> [Problem details]
Within the records below, reproduce without change the lines from the line that has "(simp add: mod_Suc)" through the line that has "using 2 by (simp add: m_def)", and only those.

Saved entries
=== Begin Enclosure ===

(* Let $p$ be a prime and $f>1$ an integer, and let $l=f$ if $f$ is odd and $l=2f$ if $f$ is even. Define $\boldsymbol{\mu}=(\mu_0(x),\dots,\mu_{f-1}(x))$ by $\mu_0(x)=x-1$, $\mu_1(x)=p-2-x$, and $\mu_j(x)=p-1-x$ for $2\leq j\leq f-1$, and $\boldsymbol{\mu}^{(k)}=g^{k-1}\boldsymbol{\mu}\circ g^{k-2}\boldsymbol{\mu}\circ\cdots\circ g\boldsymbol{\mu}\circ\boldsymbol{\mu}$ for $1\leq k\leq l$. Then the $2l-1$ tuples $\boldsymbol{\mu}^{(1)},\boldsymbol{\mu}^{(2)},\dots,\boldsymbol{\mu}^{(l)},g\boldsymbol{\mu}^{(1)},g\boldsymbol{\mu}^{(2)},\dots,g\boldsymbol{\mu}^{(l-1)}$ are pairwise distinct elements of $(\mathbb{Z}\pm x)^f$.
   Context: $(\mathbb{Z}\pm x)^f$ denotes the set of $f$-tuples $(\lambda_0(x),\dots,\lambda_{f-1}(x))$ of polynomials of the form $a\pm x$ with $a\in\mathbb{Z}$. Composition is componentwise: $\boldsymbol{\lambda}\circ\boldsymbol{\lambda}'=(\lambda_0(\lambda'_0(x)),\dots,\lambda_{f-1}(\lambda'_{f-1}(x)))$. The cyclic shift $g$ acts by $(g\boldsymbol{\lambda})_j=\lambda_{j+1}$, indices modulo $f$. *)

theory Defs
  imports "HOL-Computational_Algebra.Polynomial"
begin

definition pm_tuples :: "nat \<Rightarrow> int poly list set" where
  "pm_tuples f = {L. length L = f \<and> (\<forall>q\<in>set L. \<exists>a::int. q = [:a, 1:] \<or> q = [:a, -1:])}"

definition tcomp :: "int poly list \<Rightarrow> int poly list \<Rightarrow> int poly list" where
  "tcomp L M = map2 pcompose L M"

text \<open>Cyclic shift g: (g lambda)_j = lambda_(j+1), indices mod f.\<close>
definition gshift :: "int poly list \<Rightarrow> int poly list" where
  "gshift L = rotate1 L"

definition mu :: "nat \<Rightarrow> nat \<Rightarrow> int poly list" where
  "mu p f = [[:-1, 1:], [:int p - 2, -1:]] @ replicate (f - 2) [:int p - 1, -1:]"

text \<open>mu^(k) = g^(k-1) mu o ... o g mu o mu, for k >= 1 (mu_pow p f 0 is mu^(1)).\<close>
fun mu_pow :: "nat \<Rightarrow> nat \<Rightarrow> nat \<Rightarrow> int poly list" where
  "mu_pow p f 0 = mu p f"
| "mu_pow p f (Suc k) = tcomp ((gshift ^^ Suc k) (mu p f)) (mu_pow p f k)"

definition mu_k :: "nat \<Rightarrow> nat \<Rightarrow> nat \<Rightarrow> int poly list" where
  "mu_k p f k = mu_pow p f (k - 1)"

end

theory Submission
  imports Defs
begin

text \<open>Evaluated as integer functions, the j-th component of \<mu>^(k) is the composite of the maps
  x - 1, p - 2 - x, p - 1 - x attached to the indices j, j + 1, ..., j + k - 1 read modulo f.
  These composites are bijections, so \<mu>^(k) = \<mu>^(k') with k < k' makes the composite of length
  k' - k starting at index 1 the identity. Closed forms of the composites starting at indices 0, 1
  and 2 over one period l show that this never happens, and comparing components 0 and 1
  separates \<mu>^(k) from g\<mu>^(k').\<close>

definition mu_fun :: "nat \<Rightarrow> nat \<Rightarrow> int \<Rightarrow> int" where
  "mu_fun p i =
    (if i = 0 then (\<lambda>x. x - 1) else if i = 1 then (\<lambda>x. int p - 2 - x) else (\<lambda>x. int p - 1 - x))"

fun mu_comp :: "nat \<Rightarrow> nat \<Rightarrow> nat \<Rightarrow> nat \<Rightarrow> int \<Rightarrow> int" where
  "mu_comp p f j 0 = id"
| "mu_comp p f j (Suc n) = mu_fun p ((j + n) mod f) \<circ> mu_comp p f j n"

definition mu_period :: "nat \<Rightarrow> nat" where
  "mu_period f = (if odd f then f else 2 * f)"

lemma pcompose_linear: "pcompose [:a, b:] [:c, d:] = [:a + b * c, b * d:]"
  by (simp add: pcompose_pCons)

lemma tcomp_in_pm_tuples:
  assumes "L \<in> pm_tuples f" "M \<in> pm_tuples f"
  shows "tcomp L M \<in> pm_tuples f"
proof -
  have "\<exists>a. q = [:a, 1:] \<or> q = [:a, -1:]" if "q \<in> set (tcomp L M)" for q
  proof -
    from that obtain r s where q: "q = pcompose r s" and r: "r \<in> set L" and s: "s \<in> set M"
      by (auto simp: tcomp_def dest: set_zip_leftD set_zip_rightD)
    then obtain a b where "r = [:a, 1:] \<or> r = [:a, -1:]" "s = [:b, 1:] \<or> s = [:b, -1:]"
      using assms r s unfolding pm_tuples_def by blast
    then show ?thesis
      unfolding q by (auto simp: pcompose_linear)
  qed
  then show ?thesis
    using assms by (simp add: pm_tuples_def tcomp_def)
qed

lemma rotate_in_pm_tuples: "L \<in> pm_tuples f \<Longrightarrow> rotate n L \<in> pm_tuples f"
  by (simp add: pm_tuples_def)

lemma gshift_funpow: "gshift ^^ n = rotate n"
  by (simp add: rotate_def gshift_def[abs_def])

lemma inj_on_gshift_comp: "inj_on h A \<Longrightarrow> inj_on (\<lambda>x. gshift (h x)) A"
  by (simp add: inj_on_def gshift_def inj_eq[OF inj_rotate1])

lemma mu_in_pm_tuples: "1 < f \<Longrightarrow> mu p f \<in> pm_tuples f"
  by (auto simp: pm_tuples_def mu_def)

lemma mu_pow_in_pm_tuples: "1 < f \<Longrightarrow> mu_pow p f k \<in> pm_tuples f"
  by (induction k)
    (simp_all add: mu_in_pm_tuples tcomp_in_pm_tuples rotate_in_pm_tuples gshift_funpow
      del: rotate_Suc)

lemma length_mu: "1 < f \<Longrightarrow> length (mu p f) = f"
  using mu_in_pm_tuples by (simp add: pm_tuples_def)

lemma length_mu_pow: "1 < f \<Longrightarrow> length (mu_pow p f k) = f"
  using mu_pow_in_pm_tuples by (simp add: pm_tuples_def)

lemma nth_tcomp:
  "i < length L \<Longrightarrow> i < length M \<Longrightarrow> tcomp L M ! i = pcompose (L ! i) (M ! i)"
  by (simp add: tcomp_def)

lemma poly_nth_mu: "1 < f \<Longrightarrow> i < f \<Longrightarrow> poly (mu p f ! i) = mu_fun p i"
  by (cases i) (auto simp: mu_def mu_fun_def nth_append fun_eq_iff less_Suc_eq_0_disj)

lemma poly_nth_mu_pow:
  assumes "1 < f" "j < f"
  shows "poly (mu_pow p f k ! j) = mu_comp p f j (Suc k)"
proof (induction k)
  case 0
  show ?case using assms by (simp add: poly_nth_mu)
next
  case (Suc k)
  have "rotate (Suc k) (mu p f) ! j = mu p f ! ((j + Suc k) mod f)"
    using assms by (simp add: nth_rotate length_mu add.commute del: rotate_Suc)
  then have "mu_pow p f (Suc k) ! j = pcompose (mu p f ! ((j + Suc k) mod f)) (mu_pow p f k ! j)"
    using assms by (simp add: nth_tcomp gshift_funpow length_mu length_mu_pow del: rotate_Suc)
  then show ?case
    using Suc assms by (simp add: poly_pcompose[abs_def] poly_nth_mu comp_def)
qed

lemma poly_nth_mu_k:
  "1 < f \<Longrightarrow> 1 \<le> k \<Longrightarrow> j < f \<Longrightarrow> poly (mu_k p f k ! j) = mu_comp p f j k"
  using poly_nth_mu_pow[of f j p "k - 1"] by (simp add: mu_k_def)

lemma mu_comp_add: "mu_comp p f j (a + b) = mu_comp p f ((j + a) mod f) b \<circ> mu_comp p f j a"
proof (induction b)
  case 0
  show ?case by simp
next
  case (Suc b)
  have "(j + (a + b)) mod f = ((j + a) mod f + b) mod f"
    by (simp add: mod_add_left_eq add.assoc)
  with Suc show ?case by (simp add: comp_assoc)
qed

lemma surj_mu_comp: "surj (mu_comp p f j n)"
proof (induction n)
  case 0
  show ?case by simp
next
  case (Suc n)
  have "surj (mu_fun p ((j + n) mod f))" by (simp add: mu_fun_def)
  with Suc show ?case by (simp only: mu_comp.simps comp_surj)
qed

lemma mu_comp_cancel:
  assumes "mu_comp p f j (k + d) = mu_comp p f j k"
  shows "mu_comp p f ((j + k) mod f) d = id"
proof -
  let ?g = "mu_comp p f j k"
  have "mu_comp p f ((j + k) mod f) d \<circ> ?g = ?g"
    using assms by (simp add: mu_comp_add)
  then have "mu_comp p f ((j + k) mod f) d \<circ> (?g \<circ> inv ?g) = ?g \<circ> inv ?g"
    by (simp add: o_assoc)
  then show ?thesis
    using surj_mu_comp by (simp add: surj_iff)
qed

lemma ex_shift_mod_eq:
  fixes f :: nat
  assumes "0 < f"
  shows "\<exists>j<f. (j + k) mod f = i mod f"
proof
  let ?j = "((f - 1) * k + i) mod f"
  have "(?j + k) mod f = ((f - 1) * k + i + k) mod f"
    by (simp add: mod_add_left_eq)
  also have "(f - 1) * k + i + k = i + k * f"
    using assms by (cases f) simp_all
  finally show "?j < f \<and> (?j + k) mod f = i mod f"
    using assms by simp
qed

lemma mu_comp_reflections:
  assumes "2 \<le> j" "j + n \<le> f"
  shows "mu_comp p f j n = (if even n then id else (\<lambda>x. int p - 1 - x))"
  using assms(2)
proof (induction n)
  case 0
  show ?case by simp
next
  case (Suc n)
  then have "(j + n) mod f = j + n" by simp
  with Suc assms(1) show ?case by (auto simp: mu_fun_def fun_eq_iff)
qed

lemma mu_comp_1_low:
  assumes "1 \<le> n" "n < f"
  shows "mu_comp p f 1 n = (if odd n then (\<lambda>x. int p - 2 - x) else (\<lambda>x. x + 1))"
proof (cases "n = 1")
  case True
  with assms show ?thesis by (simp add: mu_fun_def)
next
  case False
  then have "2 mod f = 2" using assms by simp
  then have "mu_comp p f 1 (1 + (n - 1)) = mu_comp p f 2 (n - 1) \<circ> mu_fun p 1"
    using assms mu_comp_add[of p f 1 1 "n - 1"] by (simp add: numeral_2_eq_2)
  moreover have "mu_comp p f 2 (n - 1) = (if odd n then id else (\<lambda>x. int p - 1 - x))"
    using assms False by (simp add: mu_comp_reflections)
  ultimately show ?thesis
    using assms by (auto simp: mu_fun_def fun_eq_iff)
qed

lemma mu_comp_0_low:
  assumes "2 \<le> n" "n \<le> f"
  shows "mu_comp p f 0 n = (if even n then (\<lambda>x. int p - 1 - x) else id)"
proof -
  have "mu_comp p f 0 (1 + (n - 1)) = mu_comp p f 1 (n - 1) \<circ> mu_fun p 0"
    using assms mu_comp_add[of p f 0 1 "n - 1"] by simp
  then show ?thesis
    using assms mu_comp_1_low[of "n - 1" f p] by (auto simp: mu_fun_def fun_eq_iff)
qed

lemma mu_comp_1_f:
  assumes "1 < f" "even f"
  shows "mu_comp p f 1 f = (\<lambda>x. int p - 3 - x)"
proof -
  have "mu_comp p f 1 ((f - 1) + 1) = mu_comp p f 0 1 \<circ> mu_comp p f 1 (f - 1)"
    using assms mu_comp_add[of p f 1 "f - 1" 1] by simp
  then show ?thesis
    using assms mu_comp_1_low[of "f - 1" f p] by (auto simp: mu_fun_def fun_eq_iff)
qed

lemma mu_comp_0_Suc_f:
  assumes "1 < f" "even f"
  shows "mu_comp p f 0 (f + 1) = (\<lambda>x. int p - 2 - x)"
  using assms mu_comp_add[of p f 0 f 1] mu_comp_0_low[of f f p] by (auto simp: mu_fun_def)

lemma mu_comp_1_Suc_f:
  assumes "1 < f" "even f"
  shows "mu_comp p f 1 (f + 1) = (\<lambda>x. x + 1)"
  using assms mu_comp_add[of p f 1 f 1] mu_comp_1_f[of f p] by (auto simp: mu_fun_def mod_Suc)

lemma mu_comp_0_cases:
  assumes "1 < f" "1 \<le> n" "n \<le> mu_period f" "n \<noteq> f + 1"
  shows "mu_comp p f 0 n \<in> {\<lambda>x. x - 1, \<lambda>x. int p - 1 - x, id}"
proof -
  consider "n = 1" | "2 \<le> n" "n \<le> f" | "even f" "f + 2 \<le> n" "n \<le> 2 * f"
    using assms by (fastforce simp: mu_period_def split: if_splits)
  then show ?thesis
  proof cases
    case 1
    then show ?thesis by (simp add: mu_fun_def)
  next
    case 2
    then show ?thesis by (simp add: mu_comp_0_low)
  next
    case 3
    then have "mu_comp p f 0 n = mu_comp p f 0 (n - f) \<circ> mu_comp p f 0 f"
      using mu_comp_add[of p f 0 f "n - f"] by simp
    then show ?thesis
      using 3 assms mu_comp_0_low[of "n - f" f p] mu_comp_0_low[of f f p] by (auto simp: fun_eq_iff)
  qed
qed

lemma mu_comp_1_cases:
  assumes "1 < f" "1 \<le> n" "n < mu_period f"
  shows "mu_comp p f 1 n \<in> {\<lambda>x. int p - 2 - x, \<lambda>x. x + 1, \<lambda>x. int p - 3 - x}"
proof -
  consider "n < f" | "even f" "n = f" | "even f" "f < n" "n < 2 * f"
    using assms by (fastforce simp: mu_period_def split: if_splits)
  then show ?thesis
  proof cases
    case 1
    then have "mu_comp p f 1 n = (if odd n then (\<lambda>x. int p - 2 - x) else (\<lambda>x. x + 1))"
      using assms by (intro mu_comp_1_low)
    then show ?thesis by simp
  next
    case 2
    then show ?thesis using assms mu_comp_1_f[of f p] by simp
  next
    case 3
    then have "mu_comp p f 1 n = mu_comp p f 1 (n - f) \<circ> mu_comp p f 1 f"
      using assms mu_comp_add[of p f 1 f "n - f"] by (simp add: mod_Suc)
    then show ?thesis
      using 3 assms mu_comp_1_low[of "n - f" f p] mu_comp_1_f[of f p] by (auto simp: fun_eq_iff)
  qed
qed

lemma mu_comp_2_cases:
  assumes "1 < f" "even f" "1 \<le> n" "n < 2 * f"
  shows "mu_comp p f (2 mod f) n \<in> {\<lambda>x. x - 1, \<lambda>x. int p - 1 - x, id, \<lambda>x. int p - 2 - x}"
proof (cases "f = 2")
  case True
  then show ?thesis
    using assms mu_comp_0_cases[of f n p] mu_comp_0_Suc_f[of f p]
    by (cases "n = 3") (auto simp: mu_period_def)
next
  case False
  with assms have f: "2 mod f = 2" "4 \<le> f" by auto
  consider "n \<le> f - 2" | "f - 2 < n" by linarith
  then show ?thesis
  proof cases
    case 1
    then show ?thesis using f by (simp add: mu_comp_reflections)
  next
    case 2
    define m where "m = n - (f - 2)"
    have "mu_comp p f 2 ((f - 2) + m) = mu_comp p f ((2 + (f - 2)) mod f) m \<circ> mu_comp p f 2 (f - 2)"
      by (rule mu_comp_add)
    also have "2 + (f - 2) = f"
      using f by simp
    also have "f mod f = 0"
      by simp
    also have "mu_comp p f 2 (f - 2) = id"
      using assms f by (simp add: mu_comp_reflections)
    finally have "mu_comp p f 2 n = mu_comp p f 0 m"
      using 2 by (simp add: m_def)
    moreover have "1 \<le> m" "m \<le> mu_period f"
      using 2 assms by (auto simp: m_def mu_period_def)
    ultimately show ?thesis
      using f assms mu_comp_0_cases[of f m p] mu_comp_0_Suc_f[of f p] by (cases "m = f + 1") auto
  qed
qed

=== End Enclosure ===

> [Answer section]
      using assms mu_comp_add[of p f 1 f "n - f"] by (simp add: mod_Suc)
    then show ?thesis
      using 3 assms mu_comp_1_low[of "n - f" f p] mu_comp_1_f[of f p] by (auto simp: fun_eq_iff)
  qed
qed

lemma mu_comp_2_cases:
  assumes "1 < f" "even f" "1 \<le> n" "n < 2 * f"
  shows "mu_comp p f (2 mod f) n \<in> {\<lambda>x. x - 1, \<lambda>x. int p - 1 - x, id, \<lambda>x. int p - 2 - x}"
proof (cases "f = 2")
  case True
  then show ?thesis
    using assms mu_comp_0_cases[of f n p] mu_comp_0_Suc_f[of f p]
    by (cases "n = 3") (auto simp: mu_period_def)
next
  case False
  with assms have f: "2 mod f = 2" "4 \<le> f" by auto
  consider "n \<le> f - 2" | "f - 2 < n" by linarith
  then show ?thesis
  proof cases
    case 1
    then show ?thesis using f by (simp add: mu_comp_reflections)
  next
    case 2
    define m where "m = n - (f - 2)"
    have "mu_comp p f 2 ((f - 2) + m) = mu_comp p f ((2 + (f - 2)) mod f) m \<circ> mu_comp p f 2 (f - 2)"
      by (rule mu_comp_add)
    also have "2 + (f - 2) = f"
      using f by simp
    also have "f mod f = 0"
      by simp
    also have "mu_comp p f 2 (f - 2) = id"
      using assms f by (simp add: mu_comp_reflections)
    finally have "mu_comp p f 2 n = mu_comp p f 0 m"
      using 2 by (simp add: m_def)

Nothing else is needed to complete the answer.